A one-size system only added to inefficiency. That thinking shaped how the company designed its offerings and how it worked with clients who were willing to rethink their processes.
Designing Infrastructure Around Real Economics
At the core of the company’s work lies payment and banking infrastructure that is meant to reduce real costs. Digital collections are a strong example. By onboarding clients directly with established payment entities such as Razorpay, NSDL Payments Bank, and Airtel Payments Bank, it helped institutions bring down collection expenses rather than adding new layers of fees.
To add further, verification and onboarding form another critical area. Aadhaar and PAN checks, facial recognition, and video verification were integrated to allow clients to scale without expanding operational teams.
These tools were not positioned as features, but as necessities in a market where speed and compliance move together. “Over time, this approach helped clients digitize end-to-end processes instead of running hybrid systems that slowed decision making," Harsh notes.
The company also adopted a usage-based pricing model. Instead of charging heavy setup fees or fixed subscriptions, it billed clients only for what they used. In a price-sensitive market, this structure aligned growth on both sides. As a client scaled, usage increased. When usage dropped, costs did too.
A notable part of the company’s approach has been its selectiveness. Rather than serving a large client base, it chose to work with a limited number of institutions where trust and alignment existed. This allowed deeper involvement and stronger support.
Support itself was kept deliberately flexible. Clients could reach the team through WhatsApp, email, or direct calls. Logging systems within platforms allowed constant monitoring, reducing dependency on reactive support. This hands-on style became part of the firm’s credibility, reinforced by long-term clients who stayed despite operational challenges that are common in FinTech deployments.
A Steady Growth Curve
Today, Rabi Pay works with around 35 FinTech players across lending and payments. Its banking partnerships include small finance banks, Federal Bank, US Bank, and City Union Bank.
The product portfolio has expanded to include bank-led collections, remittances, personal loan APIs, courier integrations, and bill payment services, including credit card dues.

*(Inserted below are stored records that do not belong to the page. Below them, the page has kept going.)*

(* Let $L>0$, $V\in C^1([0,L];\mathbb{R})$ such that the only $x\in[0,L]$ with $V'(x)=0$ is $\mathbf{x}_0\in(0,L)$ and $V(\mathbf{x}_0)=\min_{[0,L]}V$. For $\varepsilon\in(0,1]$ let $q_\varepsilon\in C^1([0,L];\mathbb{R})$ with $q_\varepsilon\to0$ in $C^1([0,L])$, and $V_\varepsilon=V+q_\varepsilon$. Then for any family $(\lambda_\varepsilon)_{\varepsilon\in(0,1)}$ of real numbers with $\lambda_\varepsilon\to0$ as $\varepsilon\to0^+$ and any $\nu>0$, there are constants $C,\varepsilon_0>0$ such that for all $y\in[0,L]$, all $\varepsilon\in(0,\varepsilon_0]$, all $E\in\mathbb{R}$ and all $\psi$ satisfying $$-\varepsilon^2\psi''+V_\varepsilon\psi=E\psi,\qquad \psi\in H^2(0,L)\cap H^1_0(0,L),\qquad\|\psi\|_{L^2(0,L)}=1,$$ we have \begin{itemize} \item $\|\psi\|_{L^2(U)}\ge C$ with $U=(y-\nu,y+\nu)\cap[0,L]$, if $E\ge V(y)-\lambda_\varepsilon$; \item $\frac{\varepsilon}{\sqrt{|E|+1}}|\psi'(0)|\ge C$ if $E\ge V(0)+\nu$; \item $\frac{\varepsilon}{\sqrt{|E|+1}}|\psi'(L)|\ge C$ if $E\ge V(L)+\nu$. \end{itemize} *)

theory Defs
  imports "HOL-Analysis.Analysis"
begin

definition C1_on_interval :: "real \<Rightarrow> (real \<Rightarrow> real) \<Rightarrow> (real \<Rightarrow> real) \<Rightarrow> bool" where
  "C1_on_interval L f f' \<longleftrightarrow>
     (\<forall>x\<in>{0..L}. (f has_real_derivative f' x) (at x within {0..L})) \<and> continuous_on {0..L} f'"

text \<open>Membership in H^2(0,L) of (the continuous representative) psi, with first derivative
  psi' and weak second derivative psi'': psi is differentiable on [0,L] with derivative psi',
  psi' is absolutely continuous with derivative psi'' (i.e. psi' x = psi' 0 + integral of psi''),
  and psi'' is in L^2(0,L).\<close>
definition H2_on :: "real \<Rightarrow> (real \<Rightarrow> complex) \<Rightarrow> (real \<Rightarrow> complex) \<Rightarrow> (real \<Rightarrow> complex) \<Rightarrow> bool" where
  "H2_on L \<psi> \<psi>' \<psi>'' \<longleftrightarrow>
     (\<forall>x\<in>{0..L}. (\<psi> has_vector_derivative \<psi>' x) (at x within {0..L})) \<and>
     \<psi>'' absolutely_integrable_on {0..L} \<and>
     (\<lambda>x. (norm (\<psi>'' x))\<^sup>2) integrable_on {0..L} \<and>
     (\<forall>x\<in>{0..L}. \<psi>' x = \<psi>' 0 + integral {0..x} \<psi>'')"

text \<open>H^1_0(0,L) boundary condition for the continuous representative.\<close>
definition dirichlet_bc :: "real \<Rightarrow> (real \<Rightarrow> complex) \<Rightarrow> bool" where
  "dirichlet_bc L \<psi> \<longleftrightarrow> \<psi> 0 = 0 \<and> \<psi> L = 0"

definition L2_norm_on :: "real set \<Rightarrow> (real \<Rightarrow> complex) \<Rightarrow> real" where
  "L2_norm_on U \<psi> = sqrt (integral U (\<lambda>x. (norm (\<psi> x))\<^sup>2))"

end

theory Submission
  imports Defs
begin
lemma T_alt_word_exists:
  assumes "v \<in> alt_group n" "n \<ge> 2"
  shows "\<exists>ts. length ts = nat (T_alt_weight n v) \<and> set ts \<subseteq> T_alt n \<and> v = foldr (\<circ>) ts id"
  using assms(1)
proof (induction "nat (T_alt_weight n v)" arbitrary: v)
  case 0
  have "v = id"
  proof (rule ccontr)
    assume "v \<noteq> id"
    then obtain t w where "w \<in> alt_group n" "T_alt_weight n w + 1 = T_alt_weight n v"
      using T_alt_weight_decrease[OF 0(2) _ assms(2)] by blast
    then show False
      using 0(1) T_alt_weight_nonneg[OF _ assms(2), of w] unfolding alt_group_def by simp
  qed
  then have "length [] = nat (T_alt_weight n v)" "v = foldr (\<circ>) [] id"
    by (simp_all only: T_alt_weight_id) simp_all
  then show ?case by (metis empty_set empty_subsetI)
next
  case (Suc k)
  have "v \<noteq> id"
  proof
    assume "v = id"
    then show False using Suc(2) by (simp_all only: T_alt_weight_id)
  qed
  then obtain t w where tw: "t \<in> T_alt n" "w \<in> alt_group n" "v = t \<circ> w"
      "T_alt_weight n w + 1 = T_alt_weight n v"
    using T_alt_weight_decrease[OF Suc(3) _ assms(2)] by blast
  then have "k = nat (T_alt_weight n w)" using Suc(2) by linarith
  then obtain ts where "length ts = k" "set ts \<subseteq> T_alt n" "w = foldr (\<circ>) ts id"
    using Suc(1) tw(2) by blast
  then show ?case using Suc(2) tw by (intro exI[of _ "t # ts"]) auto
qed

theorem corollary6p4:
  fixes n :: nat and v :: "nat \<Rightarrow> nat"
  assumes "n \<ge> 2" and "v \<in> alt_group n"
  shows "len_T n v = (if (2::nat) \<in> orbit v 1 then n - cyc n v - 1 else n - cyc n v)"
proof -
  have v: "v permutes {1..n}" using assms(2) unfolding alt_group_def by simp
  have "len_T n v = nat (T_alt_weight n v)"
    unfolding len_T_def
  proof (rule Least_equality)
    show "\<exists>ts. length ts = nat (T_alt_weight n v) \<and> set ts \<subseteq> T_alt n \<and> v = foldr (\<circ>) ts id"
      using T_alt_word_exists[OF assms(2,1)] .
    show "nat (T_alt_weight n v) \<le> k"
      if "\<exists>ts. length ts = k \<and> set ts \<subseteq> T_alt n \<and> v = foldr (\<circ>) ts id" for k
      using that T_alt_weight_foldr_le by fastforce
  qed
  then show ?thesis
    using cyc_le[of n v] cyc_less_if_same_cycle[OF v assms(1)] unfolding T_alt_weight_def by auto
qed

end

Growth, however, has not been framed in terms of scale alone. The organization has repeatedly emphasized sustainability over speed. Its leadership has been clear about not chasing labels or valuations. The stated ambition is to build a long-lasting business that creates value for clients and itself.
Thinking Beyond FinTech
Looking ahead, Rabi Pay sees its future extending beyond traditional financial services. Plans include entering the energy sector, pursuing an NBFC license, and exploring work in environmental sustainability.
Alongside this expansion sits a strong focus on cyber security. As threats grow more complex, the company has continued to invest in research around secure infrastructure, treating security as a core function rather than an add-on.
In an ecosystem crowded with tools that promise efficiency, Rabi Pay has quietly built its relevance by focusing on what institutions actually struggle with. Its story reflects a larger truth about India’s digital finance journey.
“Progress is not driven by noise or scale alone. It is built, piece by piece, by systems that understand how money really moves,” concludes Harsh.